Center for Human Reproduction, New York, New York 10021, USA. ngleicher@thechr.com <ngleicher@thechr.com>

OBJECTIVE: To determine whether pregnancy outcome can be positively affected if the ovarian stimulation in women with diminished ovarian reserve (DOR) is changed. DESIGN: Case control study. SETTING: Medical school-affiliated private infertility center. PATIENT(S): Sixty-two women, aged 26-35 years, with the diagnosis of DOR (study group) and 62 age-matched controls with apparently normal ovarian function (control group). INTERVENTION(S): Study group patients received a modified (ovarian age-based) stimulation with microdose GnRH agonist (GnRH-a) and 450-600 IU of gonadotropin daily. Women in the control group received a standard "chronological age-based" stimulation with long luteal phase GnRH-a and up to 300 IU of gonadotropins (two patients in this group received an antagonist in place of an agonist). MAIN OUTCOME MEASURE(S): The IVF cycle outcome parameters, including pregnancy rates (PR). RESULT(S): Women with DOR and controls did not differ significantly in patient profiles or underlying infertility conditions and received identical embryo numbers at transfer. The DOR patients demonstrated a strong trend toward lower gravidity. Peak E(2) levels were similar between groups but controls produced significantly more oocytes, a strong trend toward more embryos and significantly more cycles of cryopreservation.

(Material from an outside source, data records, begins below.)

lemma Cnorm_ge_deriv:
  assumes ab: "a < b" and D: "has_derivs_on {a..b} k f D" and "i \<le> k" and "x \<in> {a..b}"
  shows "\<bar>D i x\<bar> \<le> Cnorm a b k f"
proof -
  have "\<exists>B. \<forall>j<(1::nat). \<forall>i\<le>k. \<forall>x\<in>{a..b}. \<bar>D i x\<bar> \<le> B"
    by (rule has_derivs_on_bounded[of 1 a b k "\<lambda>_. f" "\<lambda>_. D"]) (use D in simp)
  then obtain B where B: "\<forall>i\<le>k. \<forall>x\<in>{a..b}. \<bar>D i x\<bar> \<le> B" by auto
  have "bdd_above {\<bar>D i x\<bar> | i x. i \<le> k \<and> x \<in> {a..b}}"
    by (rule bdd_aboveI[where M=B]) (use B in auto)
  moreover have "\<bar>D i x\<bar> \<in> {\<bar>D i x\<bar> | i x. i \<le> k \<and> x \<in> {a..b}}"
    using assms(3,4) by blast
  ultimately show ?thesis
    unfolding Cnorm_eq_Sup[OF ab D] by (intro cSup_upper)
qed

lemma Cnorm_le:
  assumes ab: "a < b" and D: "has_derivs_on {a..b} k f D"
    and B: "\<And>i x. i \<le> k \<Longrightarrow> x \<in> {a..b} \<Longrightarrow> \<bar>D i x\<bar> \<le> B"
  shows "Cnorm a b k f \<le> B"
  unfolding Cnorm_eq_Sup[OF ab D]
  by (rule cSup_least) (use ab B in \<open>auto intro!: exI[of _ 0] exI[of _ a]\<close>)

lemma Cnorm_nonneg:
  assumes "a < b" and "has_derivs_on {a..b} k f D"
  shows "0 \<le> Cnorm a b k f"
  using Cnorm_ge_deriv[OF assms, of 0 a] \<open>a < b\<close> by auto
lemma eventually_binomial_tail_le:
  fixes \<gamma> \<epsilon> C :: real
  assumes "0 < \<gamma>" "0 < \<epsilon>"
  shows "eventually (\<lambda>n. (\<Sum>s | s \<le> n \<and> \<gamma> * real n \<le> \<bar>real s - real n / 2\<bar> + C. real (n choose s))
    \<le> \<epsilon> * real (n choose (n div 2))) sequentially"
proof -
  have "(\<lambda>n::nat. (real n + 1) * (2 * exp (-2 * (\<gamma> * real n - C)\<^sup>2 / real n))) \<longlonglongrightarrow> 0"
    using assms(1) by real_asymp
  then have "eventually (\<lambda>n. (real n + 1) * (2 * exp (-2 * (\<gamma> * real n - C)\<^sup>2 / real n)) < \<epsilon>) sequentially"
    using assms(2) by (rule order_tendstoD)
  moreover have "eventually (\<lambda>n::nat. 0 \<le> \<gamma> * real n - C) sequentially"
    using assms(1) by real_asymp
  moreover have "eventually (\<lambda>n::nat. 0 < n) sequentially"
    by (rule eventually_gt_at_top)
  ultimately show ?thesis
  proof eventually_elim
    case (elim n)
    have "(\<Sum>s | s \<le> n \<and> \<gamma> * real n \<le> \<bar>real s - real n / 2\<bar> + C. real (n choose s))
        = (\<Sum>s | s \<le> n \<and> \<gamma> * real n - C \<le> \<bar>real s - real n / 2\<bar>. real (n choose s))"
      by (simp add: algebra_simps)
    also have "\<dots> \<le> 2 ^ n * (2 * exp (-2 * (\<gamma> * real n - C)\<^sup>2 / n))"
      using elim by (intro binomial_tail_le) auto
    also have "\<dots> \<le> ((real n + 1) * real (n choose (n div 2))) * (2 * exp (-2 * (\<gamma> * real n - C)\<^sup>2 / n))"
      by (intro mult_right_mono two_power_le_central_binomial) simp
    also have "\<dots> = ((real n + 1) * (2 * exp (-2 * (\<gamma> * real n - C)\<^sup>2 / n))) * real (n choose (n div 2))"
      by (simp only: ac_simps)
    also have "\<dots> \<le> \<epsilon> * real (n choose (n div 2))"
      using elim(1) by (intro mult_right_mono) simp_all
    finally show ?case .
  qed
qed

lemma card_subsets_with_card:
  assumes "finite A"
  shows "card {S. S \<subseteq> A \<and> P (card S)} = (\<Sum>s | s \<le> card A \<and> P s. card A choose s)"
proof -
  have "{S. S \<subseteq> A \<and> P (card S)} = (\<Union>s \<in> {s. s \<le> card A \<and> P s}. {S. S \<subseteq> A \<and> card S = s})"
    using assms card_mono by blast
  also have "card \<dots> = (\<Sum>s | s \<le> card A \<and> P s. card {S. S \<subseteq> A \<and> card S = s})"
    by (rule card_UN_disjoint) (auto simp: assms)
  finally show ?thesis
    by (simp add: n_subsets assms)
qed

lemma fact_mult_fact_ge_central:
  assumes "s \<le> n"
  shows "fact (n div 2) * fact (n - n div 2) \<le> (fact s * fact (n - s) :: nat)"
proof -
  have "fact (n div 2) * fact (n - n div 2) * (n choose s) \<le> fact (n div 2) * fact (n - n div 2) * (n choose (n div 2))"
    by (simp add: binomial_maximum)
  also have "\<dots> = fact s * fact (n - s) * (n choose s)"
    using binomial_fact_lemma[of "n div 2" n] binomial_fact_lemma[OF assms] by simp
  finally show ?thesis
    using assms by simp
qed

section \<open>From the grid to the Boolean lattice\<close>

text \<open>
  With \<open>k = 2dT + 1\<close>, \<open>grid_embed (h - d\<^sup>2T) k\<close> sends the middle level of \<open>[k]^d\<close> to the sets
  of size \<open>h\<close>.
\<close>
lemma card_grid_embed_level_near_middle:
  fixes \<epsilon> :: real
  assumes d: "1 \<le> d" and \<epsilon>: "\<epsilon> \<le> 1" and h: "d * d * T \<le> h" and k: "k = 2 * d * T + 1"
    and close: "2 * real d * \<bar>real s - real h\<bar> \<le> \<epsilon> * real k"
  shows "(1 - \<epsilon> / 2) * real (width_grid k d)
    \<le> real (card {x \<in> grid k d. card (grid_embed (h - d * d * T) k x) = s})"
proof -
  define X where "X = d * d * T"
  define a where "a = h - X"
  define W where "W = real (width_grid k d)"
  define N where "N = card {x \<in> grid k d. card (grid_embed a k x) = s}"
  have dk: "d * (k - 1) = 2 * X" "d * k = 2 * X + d"
    by (simp_all add: k X_def algebra_simps)
  have "0 < real k"
    unfolding of_nat_0_less_iff by (simp add: k)
  have "2 * real d * \<bar>real s - real h\<bar> \<le> real k"
    using close mult_right_mono[OF \<epsilon>, of "real k"] by simp
  also have "\<dots> < 2 * real d * (real T + 1)"
    using d by (simp add: k algebra_simps)
  finally have "\<bar>real s - real h\<bar> < real T + 1"
    using d by (simp add: mult_less_cancel_left)
  moreover have "T \<le> X" "X \<le> h"
    using d h by (simp_all add: X_def)
  ultimately have s: "a \<le> s" "s \<le> h + X" "h \<le> s + X"
    by (auto simp: a_def)
  define r where "r = s - a + d"
  have "N = card (grid_level k d (int r))"
    using grid_embed_level[OF s(1), of k d] s(1) by (simp add: N_def r_def of_nat_diff algebra_simps)
  moreover have "d \<le> r" "r \<le> d * k"
    unfolding dk r_def a_def using s h X_def by linarith+
  moreover have "real r - real (d + d * (k - 1) div 2) = real s - real h"
    unfolding dk r_def a_def using s h X_def by (simp add: of_nat_diff)
  ultimately have "W * (1 - real d * \<bar>real s - real h\<bar> / real k) \<le> real N"
    using card_grid_level_near_middle[OF _ d, of k r] by (simp add: W_def k)
  moreover have "real d * \<bar>real s - real h\<bar> / real k \<le> \<epsilon> / 2"
    using close \<open>0 < real k\<close> by (simp add: field_simps)
  then have "W * (1 - \<epsilon> / 2) \<le> W * (1 - real d * \<bar>real s - real h\<bar> / real k)"
    by (intro mult_left_mono) (simp_all add: W_def)
  ultimately show ?thesis
    by (simp add: N_def W_def a_def X_def mult.commute)
qed

lemma lubell_grid_embed:
  assumes F: "F \<subseteq> cube n" and n: "a + d * (k - 1) \<le> n"
    and pullback: "\<And>p. p permutes {..<n} \<Longrightarrow> card {x \<in> grid k d. p ` grid_embed a k x \<in> F} \<le> L"
  shows "(\<Sum>S\<in>F. card {x \<in> grid k d. card (grid_embed a k x) = card S} * (fact (card S) * fact (n - card S)))
    \<le> fact n * L"
proof -
  have "(\<Sum>S\<in>F. card {x \<in> grid k d. card (grid_embed a k x) = card S}
      * (fact (card S) * fact (card {..<n} - card S))) \<le> fact (card {..<n}) * L"
  proof (rule lubell_double_counting)
    show "grid_embed a k x \<subseteq> {..<n}" if "x \<in> grid k d" for x
      using grid_embed_subset[OF that, of a] n by auto
  qed (use F pullback finite_grid in \<open>auto simp: cube_def atLeast0LessThan\<close>)
  then show ?thesis
    by simp
qed

lemma card_central_subfamily_le:
  fixes F :: "nat set set" and \<epsilon> :: real
  assumes d: "1 \<le> d" and \<epsilon>: "\<epsilon> \<le> 1"
    and n: "8 * (d * d * T) \<le> n" and k: "k = 2 * d * T + 1"
    and F: "F \<subseteq> cube n"
    and pullback: "\<And>p. p permutes {..<n} \<Longrightarrow>
      card {x \<in> grid k d. p ` grid_embed (n div 2 - d * d * T) k x \<in> F} \<le> L"
  shows "real (card {S \<in> F. 2 * real d * \<bar>real (card S) - real (n div 2)\<bar> \<le> \<epsilon> * real k})
      * ((1 - \<epsilon> / 2) * real (width_grid k d)) \<le> real L * real (n choose (n div 2))"
proof -
  define h where "h = n div 2"
  define a where "a = h - d * d * T"
  define W where "W = real (width_grid k d)"
  define G where "G = {S \<in> F. 2 * real d * \<bar>real (card S) - real h\<bar> \<le> \<epsilon> * real k}"
  define N where "N S = card {x \<in> grid k d. card (grid_embed a k x) = card S}" for S :: "nat set"
  define w :: "nat \<Rightarrow> nat" where "w s = fact s * fact (n - s)" for s
  have "4 * m \<le> n div 2" "2 * (n div 2) \<le> n" if "8 * m \<le> n" for m
    using that by presburger+
  then have h: "4 * (d * d * T) \<le> h" "2 * h \<le> n" "h \<le> n"
    using n by (simp_all add: h_def)
  then have "a + d * (k - 1) \<le> n"
    using n by (simp add: a_def k algebra_simps)
  then have lubell: "(\<Sum>S\<in>F. N S * w (card S)) \<le> fact n * L"
    using lubell_grid_embed[OF F _ pullback] by (simp add: N_def w_def a_def h_def)
  have central: "(1 - \<epsilon> / 2) * W * real (w h) \<le> real (N S * w (card S))" if "S \<in> G" for S
  proof -
    have "(1 - \<epsilon> / 2) * W \<le> real (N S)"
      using card_grid_embed_level_near_middle[OF d \<epsilon> _ k] h that
      by (simp add: G_def N_def W_def a_def)
    moreover have "card S \<le> n"
      using F that card_mono[of "{..<n}" S] by (auto simp: G_def cube_def atLeast0LessThan)
    then have "w h \<le> w (card S)"
      using fact_mult_fact_ge_central by (simp add: w_def h_def)
    ultimately show ?thesis
      using \<epsilon> by (simp add: mult_mono)
  qed
  have "real (card G) * ((1 - \<epsilon> / 2) * W * real (w h)) = (\<Sum>S\<in>G. (1 - \<epsilon> / 2) * W * real (w h))"
    by simp
  also have "\<dots> \<le> (\<Sum>S\<in>G. real (N S * w (card S)))"
    by (rule sum_mono) (rule central)
  also have "\<dots> \<le> (\<Sum>S\<in>F. real (N S * w (card S)))"
    using F finite_subset[OF F] by (intro sum_mono2) (auto simp: G_def cube_def)
  also have "\<dots> \<le> real (fact n * L)"
    using lubell by (simp only: of_nat_sum[symmetric] of_nat_le_iff)
  also have "\<dots> = real L * real (n choose h) * real (w h)"
    unfolding binomial_fact_lemma[OF h(3), symmetric] by (simp add: w_def)
  finally have "real (card G) * ((1 - \<epsilon> / 2) * W) * real (w h) \<le> real L * real (n choose h) * real (w h)"
    by (simp add: algebra_simps)
  moreover have "0 < real (w h)"
    by (simp add: w_def)
  ultimately show ?thesis
    by (simp add: G_def W_def h_def)
qed

lemma real_less_Suc_div_mult: "0 < m \<Longrightarrow> real n < (real (n div m) + 1) * real m"
proof -
  assume "0 < m"
  then have "n < n div m * m + m"
    using div_mult_mod_eq[of n m] mod_less_divisor[of m n] by linarith
  then have "real n < real (n div m * m + m)"
    by (simp only: of_nat_less_iff)
  then show ?thesis
    by (simp add: algebra_simps)
qed

lemma noncentral_size_far_from_half:
  fixes \<epsilon> :: real
  assumes d: "1 \<le> d" and \<epsilon>: "0 < \<epsilon>" "\<epsilon> \<le> 1"
    and T: "T = n div (8 * d * d)" and k: "k = 2 * d * T + 1"
    and far: "\<epsilon> * real k < 2 * real d * \<bar>real s - real (n div 2)\<bar>"
  shows "\<epsilon> / (8 * real d * real d) * real n \<le> \<bar>real s - real n / 2\<bar> + 2"
proof -
  have "real n < (real T + 1) * (8 * real d * real d)"
    using real_less_Suc_div_mult[of "8 * d * d" n] d by (simp add: T)
  then have "\<epsilon> * real n < \<epsilon> * ((real T + 1) * (8 * real d * real d))"
    using \<epsilon>(1) by simp
  then have "\<epsilon> / (8 * real d * real d) * real n < \<epsilon> * real T + \<epsilon>"
    using d by (simp add: field_simps)
  moreover have "2 * real d * (\<epsilon> * real T) \<le> \<epsilon> * real k"
    using \<epsilon>(1) by (simp add: k algebra_simps)
  with far have "2 * real d * (\<epsilon> * real T) < 2 * real d * \<bar>real s - real (n div 2)\<bar>"
    by linarith
  then have "\<epsilon> * real T < \<bar>real s - real (n div 2)\<bar>"
    by (rule mult_left_less_imp_less) simp
  moreover have "\<bar>real (n div 2) - real n / 2\<bar> \<le> 1 / 2"
    by simp
  ultimately show ?thesis
    using \<epsilon>(2) by linarith
qed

Both groups achieved a 47% rate of first positive pregnancy test (hCG), with controls demonstrating a 39% and DOR patients a 32% ongoing PR. CONCLUSION(S): Women with DOR, if treated with an ovarian age-based rather than chronological age-based ovarian stimulation protocols, will demonstrate surprisingly good PR with IVF in comparison to women with normal ovarian function.

Published 27 November 2006 in Fertil Steril, 86(6): 1621-5.